» **What you are asked to do**:
Each line of the data below from the one holding "define p' where" to the one holding "sc (c1 \<inter>", inclusive, is to be reproduced exactly; no other line belongs in the answer.

▽

lemma length_le_add_chain:
  assumes "module sc"
  shows "strict_chain sc A C n c \<Longrightarrow> submod sc B \<Longrightarrow> A \<subseteq> B \<Longrightarrow> B \<subseteq> C \<Longrightarrow>
    length_le sc A B p \<Longrightarrow> length_le sc B C q \<Longrightarrow> n \<le> p + q"
proof (induction n arbitrary: A c B p q)
  case (Suc n)
  note ch = Suc.prems(1) and B = Suc.prems(2)
  have sA: "submod sc A" and sC: "submod sc C"
    using strict_chain_submod[OF ch] by auto
  define c1 where "c1 = c 1"
  define B' where "B' = c1 + B"
  have sc1: "submod sc c1" and Ac1: "A \<subset> c1"
    using ch unfolding strict_chain_def c1_def by auto
  have tl: "strict_chain sc c1 C n (\<lambda>i. c (Suc i))"
    using strict_chain_tl[OF ch] c1_def by simp
  have sB': "submod sc B'"
    unfolding B'_def by (rule submod_set_plus[OF assms sc1 B])
  have c1B': "c1 \<subseteq> B'"
    unfolding B'_def by (rule set_plus_upper_left[OF submod_zero[OF B]])
  have BB': "B \<subseteq> B'"
    unfolding B'_def by (rule set_zero_plus2[OF submod_zero[OF sc1]])
  have "c1 \<subseteq> C"
    using strict_chain_between[OF ch, of 1] c1_def by simp
  then have B'C: "B' \<subseteq> C"
    unfolding B'_def using set_plus_least[OF sC] Suc.prems(4) by blast
  define p' where "p' = (if A \<subset> c1 \<inter> B then p - 1 else p)"
  define q' where "q' = (if B \<subset> B' then q - 1 else q)"
  have "A \<subseteq> c1 \<inter> B"
    using Ac1 Suc.prems(3) by blast
  then have "length_le sc (c1 \<inter> B) B p'"
    using length_le_shrink_left[OF Suc.prems(5) sA, of "c1 \<inter> B"] Suc.prems(5)
    unfolding p'_def by (cases "A \<subset> c1 \<inter> B") (simp_all add: psubset_eq)
  then have "length_le sc c1 B' p'"
    unfolding B'_def by (rule length_le_set_plus[OF assms sc1 B])
  moreover have "length_le sc B' C q'"
    using length_le_shrink_left[OF Suc.prems(6) B, of B'] Suc.prems(6) BB'
    unfolding q'_def by (cases "B \<subset> B'") (simp_all add: psubset_eq)
  ultimately have "n \<le> p' + q'"
    by (rule Suc.IH[OF tl sB' c1B' B'C])
  moreover have "A \<subset> c1 \<inter> B \<or> B \<subset> B'"
  proof (rule ccontr)
    assume "\<not> (A \<subset> c1 \<inter> B \<or> B \<subset> B')"
    then have "\<not> A \<subset> c1 \<inter> B" "\<not> B \<subset> B'"
      by simp_all
    then have "c1 \<inter> B = A" "B' = B"
      using \<open>A \<subseteq> c1 \<inter> B\<close> BB' by (metis psubsetI)+
    then have "c1 = A"
      using c1B' by (simp add: Int_absorb2)
    then show False
      using Ac1 by simp
  qed
  moreover have "1 \<le> p" if "A \<subset> c1 \<inter> B"
  proof -
    have "A \<subset> B"
      using that by blast
    from length_le_Suc_left[OF Suc.prems(5) sA this strict_chain_refl[OF B]] show ?thesis
      by simp
  qed
  moreover have "1 \<le> q" if "B \<subset> B'"
  proof -
    have "B \<subset> C"
      using that B'C by blast
    from length_le_Suc_right[OF Suc.prems(6) sC this strict_chain_refl[OF B]] show ?thesis
      by simp
  qed
  ultimately show ?case
    unfolding p'_def q'_def by (auto split: if_splits)
qed simp

lemma length_le_add:
  assumes "module sc" "submod sc B" "A \<subseteq> B" "B \<subseteq> C" "length_le sc A B p" "length_le sc B C q"
  shows "length_le sc A C (p + q)"
  using length_le_add_chain[OF assms(1) _ assms(2-6)] unfolding length_le_def by blast

lemma length_le_kernel_image:
  assumes mA: "module scA" and mB: "module scB" and V: "submod scA V"
    and add: "\<And>x y. x \<in> V \<Longrightarrow> y \<in> V \<Longrightarrow> f (x + y) = f x + f y"
    and scale: "\<And>r x. x \<in> V \<Longrightarrow> f (scA r x) = scB r (f x)"
    and ker: "length_le scA {0} {x \<in> V. f x = 0} p"
    and img: "length_le scB {0} (f ` V) q"
  shows "length_le scA {0} V (p + q)"
proof -
  let ?K = "{x \<in> V. f x = 0}"
  have f0: "f 0 = 0"
    using add[OF submod_zero[OF V] submod_zero[OF V]] by simp
  have sK: "submod scA ?K"
    unfolding submod_def using V add scale f0 submod_add[OF V] submod_scale[OF V] submod_zero[OF V]
      module.scale_zero_right[OF mB] by auto
  have "length_le scA ?K V q"
  proof (rule length_le_image[where f = "\<lambda>X. f ` X" and scB = scB])
    have "f ` ?K = {0}"
      using submod_zero[OF V] f0 by auto
    then show "length_le scB (f ` ?K) (f ` V) q"
      using img by simp
  next
    fix X assume "submod scA X" "?K \<subseteq> X" "X \<subseteq> V"
    then show "submod scB (f ` X)"
      using submod_image[of scA X f scB] add scale by blast
  next
    fix X Y assume XY: "submod scA X" "submod scA Y" "?K \<subseteq> X" "Y \<subseteq> V" "X \<subset> Y"
    show "f ` X \<subset> f ` Y"
    proof
      show "f ` X \<subseteq> f ` Y"
        using XY by blast
      show "f ` X \<noteq> f ` Y"
      proof
        assume eq: "f ` X = f ` Y"
        obtain y where y: "y \<in> Y" "y \<notin> X"
          using XY(5) by blast
        then obtain x where x: "x \<in> X" "f x = f y"
          using eq by (metis imageE imageI)
        have xy: "x \<in> V" "y \<in> V" "x \<in> Y"
          using x y XY by auto
        have "f (y - x) + f x = f y"
          using add[OF submod_diff[OF mA V xy(2,1)] xy(1)] by simp
        then have "y - x \<in> X"
          using x(2) submod_diff[OF mA V xy(2,1)] XY(3) by auto
        from submod_add[OF XY(1) this x(1)] show False
          using y by simp
      qed
    qed
  qed
  moreover have "{0} \<subseteq> ?K" "?K \<subseteq> V"
    using submod_zero[OF V] f0 by auto
  ultimately show ?thesis
    using length_le_add[OF mA sK _ _ ker] by blast
qed

definition chain_length :: "('r::comm_ring_1 \<Rightarrow> 'v::ab_group_add \<Rightarrow> 'v) \<Rightarrow> 'v set \<Rightarrow> 'v set \<Rightarrow> nat"
  where "chain_length sc A B = Max {n. \<exists>c. strict_chain sc A B n c}"

lemma chain_length_maximal:
  assumes "length_le sc A B p" "submod sc A" "submod sc B" "A \<subseteq> B"
  shows "\<exists>c. strict_chain sc A B (chain_length sc A B) c" "length_le sc A B (chain_length sc A B)"
proof -
  let ?S = "{n. \<exists>c. strict_chain sc A B n c}"
  have ne: "?S \<noteq> {}"
    using strict_chain_exists[OF assms(2-4)] by blast
  have "?S \<subseteq> {..p}"
    using assms(1) unfolding length_le_def by blast
  then have fin: "finite ?S"
    by (rule finite_subset) simp
  show "\<exists>c. strict_chain sc A B (chain_length sc A B) c"
    using Max_in[OF fin ne] unfolding chain_length_def by blast
  show "length_le sc A B (chain_length sc A B)"
    unfolding length_le_def chain_length_def using Max_ge[OF fin] by blast
qed

lemma chain_length_less:
  assumes "length_le sc A B p" "submod sc A" "submod sc B" "submod sc B'" "A \<subseteq> B'" "B' \<subset> B"
  shows "chain_length sc A B' < chain_length sc A B"
proof -
  have "length_le sc A B' p"
    using length_le_subinterval[OF assms(1-3)] assms(6) by blast
  then obtain c where "strict_chain sc A B' (chain_length sc A B') c"
    using chain_length_maximal(1)[OF _ assms(2,4,5)] by blast
  moreover have "length_le sc A B (chain_length sc A B)"
    using chain_length_maximal(2)[OF assms(1-3)] assms(5,6) by blast
  ultimately show ?thesis
    using length_le_Suc_right[OF _ assms(3,6)] by fastforce
qed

△

» **Output below**:
  define p' where "p' = (if A \<subset> c1 \<inter> B then p - 1 else p)"
  define q' where "q' = (if B \<subset> B' then q - 1 else q)"
  have "A \<subseteq> c1 \<inter> B"
    using Ac1 Suc.prems(3) by blast
  then have "length_le sc (c1 \<inter> B) B p'"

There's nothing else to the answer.